2 Characteristics of Big Data Systems

The current Big Data systems have two different forms for data processing: (1)batch processing systems, such as Hadoop[12], Spark[39], Dryad[20], and so on; (2) stream processing system, such as Storm [34] and Spark Streaming [40], etc,. In general, these Big Data systems has two characteristics as follows.

2.1 Temporal dimension: Stage Characteristics

For Big Data applications, we observe that the jobs on different Big Data systems is generally executed in stages or in the stage-like process, and tasks in the same stage are normally executed by the same or similar code on the data partition. For example, an Hadoop job executes in two stages: Map and Reduce; In the map phase, several map tasks are executed in parallel to process the corresponding input data. After all map tasks finished, the intermediate results are transferred to the reduce tasks for further processing. While scheduling jobs, Spark splits stages and partition data, then generating the DAG of stage dependency specifically, and the tasks in one stage are executed by the same code and portioned into various data fragments[39]. A Dryad job contains a set of stages and each stage consists of an arbitrary set of vertex (each vertex runs on a distinct data partition) replicas, meanwhile all graph edges of the stage constitute point-to-point communication channels [20]. Similarly, all kinds of spout and bolt components of Storm can also be regarded as the execution stages [34]. In addition, Spark Streaming decomposes the batch data into a series of short batch jobs based on Spark [40], so the Spark streaming jobs are executed in stages like Spark jobs.

2.2 Spatial dimension: Distribution Characteristics

As Big Data systems are used for processing a huge amount of data, a single node is impossible to complete the big tasks in an effective time. So Big Data systems generally use the large-scale distributed cluster architecture. They mainly utilize the distributed file system or distributed database to store data, and use parallel programming model or distributed execution method to process/calculate jobs or tasks, that is, the jobs or tasks of Big Data applications will be scheduled into the various nodes in cluster. And the distributed parallel architect distributes data across multiple servers, and it can turbulence improve data processing speeds. We can consider that, the Big Data applications have distribution characteristics in spatial dimension.

3 Performance Diagnosis based on Spatio-temporal Correlation

3.1 Spatio-temporal Correlation

Generally speaking, jobs on Big Data systems are divided into several stages, and each stage owns multiple tasks, which can run on multiple distributed nodes. According to the temporal and spatial characteristics of Big Data applications, we propose a spatio-temporal correlation approach that involves with timestamp information and distributed nodes information to process the data in multiple layers.

First, in order to implement association in temporal dimension, the time synchronization of cluster must be guaranteed.

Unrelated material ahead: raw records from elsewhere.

(* Let $\mathcal{H}$ be a finite-dimensional Hilbert space, $\mathcal{O}\in\mathcal{L}(\mathcal{H})$ Hermitian, and $n\geq 1$. For $1\leq k\leq n$ define \[\mathcal{O}_k=\frac{1}{n!}\sum_{\pi\in\mathfrak{S}_n}U_\pi\,U_{s_k}\,(\mathcal{O}\otimes I^{\otimes n-1})\,U_\pi^\dagger\in\mathcal{L}(\mathcal{H}^{\otimes n}).\] Then for any $1\leq i\leq j\leq n$, $\mathcal{O}_i\mathcal{O}_j=\mathcal{O}_j\mathcal{O}_i$.
   Context: $\mathfrak{S}_n$ is the symmetric group on $\{1,\ldots,n\}$. For $\pi\in\mathfrak{S}_n$, $U_\pi$ is the unitary on $\mathcal{H}^{\otimes n}$ with $U_\pi\ket{\psi_1}\cdots\ket{\psi_n}=\ket{\psi_{\pi^{-1}(1)}}\cdots\ket{\psi_{\pi^{-1}(n)}}$. $s_k\in\mathfrak{S}_n$ is the cyclic shift on the first $k$ elements: $s_k(i)=i+1$ for $i<k$, $s_k(k)=1$, and $s_k(i)=i$ for $k<i\leq n$. *)

theory Defs
  imports Complex_Main "HOL-Combinatorics.Permutations"
begin

text \<open>Model: H = C^d with its standard orthonormal basis e_0..e_(d-1).
  A basis vector of H^(tensor n) is a tuple x, represented as a function nat => nat with
  x i < d for i < n and x i = 0 for i >= n. An operator on H^(tensor n) is given by its
  matrix entries A y x = <e_y, A e_x>. Positions are 0-based (position i here is
  position i+1 of the paper).\<close>

type_synonym tensor_op = "(nat \<Rightarrow> nat) \<Rightarrow> (nat \<Rightarrow> nat) \<Rightarrow> complex"

definition tuples :: "nat \<Rightarrow> nat \<Rightarrow> (nat \<Rightarrow> nat) set" where
  "tuples n d = {x. (\<forall>i<n. x i < d) \<and> (\<forall>i. n \<le> i \<longrightarrow> x i = 0)}"

definition op_mult :: "nat \<Rightarrow> nat \<Rightarrow> tensor_op \<Rightarrow> tensor_op \<Rightarrow> tensor_op" where
  "op_mult n d A B = (\<lambda>y x. \<Sum>z\<in>tuples n d. A y z * B z x)"

definition op_adj :: "tensor_op \<Rightarrow> tensor_op" where
  "op_adj A = (\<lambda>y x. cnj (A x y))"

definition perm_op :: "(nat \<Rightarrow> nat) \<Rightarrow> tensor_op" where
  "perm_op \<pi> = (\<lambda>y x. if y = x \<circ> inv \<pi> then 1 else 0)"

definition cyc_shift :: "nat \<Rightarrow> nat \<Rightarrow> nat" where
  "cyc_shift k i = (if i + 1 < k then i + 1 else if i + 1 = k then 0 else i)"

definition first_op :: "nat \<Rightarrow> (nat \<Rightarrow> nat \<Rightarrow> complex) \<Rightarrow> tensor_op" where
  "first_op n Obs = (\<lambda>y x. Obs (y 0) (x 0) * (if \<forall>i\<in>{1..<n}. y i = x i then 1 else 0))"

definition hermitian_mat :: "nat \<Rightarrow> (nat \<Rightarrow> nat \<Rightarrow> complex) \<Rightarrow> bool" where
  "hermitian_mat d Obs = (\<forall>a<d. \<forall>b<d. Obs a b = cnj (Obs b a))"

definition sym_op :: "nat \<Rightarrow> nat \<Rightarrow> (nat \<Rightarrow> nat \<Rightarrow> complex) \<Rightarrow> nat \<Rightarrow> tensor_op" where
  "sym_op n d Obs k = (\<lambda>y x. (1 / of_nat (fact n)) *
     (\<Sum>\<pi>\<in>{\<pi>. \<pi> permutes {..<n}}.
        op_mult n d (op_mult n d (op_mult n d (perm_op \<pi>) (perm_op (cyc_shift k)))
                                  (first_op n Obs)) (op_adj (perm_op \<pi>)) y x))"

end

(*
  Write O^(a) for O acting on tensor factor a. Conjugating by U_pi gives
  U_pi U_(s_k) O^(1) U_pi^dagger = U_(pi s_k pi^-1) O^(pi 1), and a product of two such terms
  is again of the form U_rho O^(a) O^(b). Reindexing the double sum over permutations writes
  O_k O_l as a sum over sigma of class sums C(rho, a, b) = sum_pi U_(pi rho pi^-1) O^(pi a) O^(pi b)
  with rho = s_k sigma s_l sigma^-1. A class sum does not change under simultaneous conjugation of
  rho, a and b, under swapping a and b, and under replacing rho by rho^-1: some involution
  conjugates rho to rho^-1 while fixing or swapping a and b (reflect each cycle of rho).
  Hence C(rho, a, b) = C(rho^-1, rho b, rho a). Since a reflection r_k fixing the first position
  conjugates s_k to s_k^-1, the substitution sigma |-> s_l r_l sigma^-1 s_k r_k turns the sum
  for O_k O_l into the sum for O_l O_k.
*)
theory Submission
  imports Defs "HOL-Library.FuncSet" "HOL-Combinatorics.Cycles"
begin

section \<open>Conjugating a permutation to its inverse\<close>

lemma permutesI_inverse:
  assumes "\<And>x. f (g x) = x" and "\<And>x. g (f x) = x" and "\<And>x. x \<notin> S \<Longrightarrow> f x = x"
  shows "f permutes S"
  unfolding permutes_def using assms by metis

lemma conj_permutes: "\<pi> permutes S \<Longrightarrow> \<rho> permutes S \<Longrightarrow> \<pi> \<circ> \<rho> \<circ> inv \<pi> permutes S"
  by (intro permutes_compose permutes_inv)

locale periodic_map =
  fixes \<rho> :: "'a \<Rightarrow> 'a" and N :: nat
  assumes period_pos: "0 < N" and funpow_period: "\<rho> ^^ N = id"
begin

Here, the Network Time Protocol (NTP) protocol is used to synchronize computer time in our Big Data systems. Then, combined with the runtime of Big Data applications and the resources utilization (such as, system-level performance metrics and architecture-level performance metrics) in distributed nodes, we classify the correlations between applications and resources into three forms: (1)

task-resource correlation, (2) stage-resource correlation and (3) job-resource correlation, according to the execution information (e.g., start time, finish time, nodes of a task, nodes of a stage and nodes of a job).

In our methodology, according to the stage characteristics, we mainly use the stage-resource correlation method based on spatio-temporal information for associating performance metrics between different layers.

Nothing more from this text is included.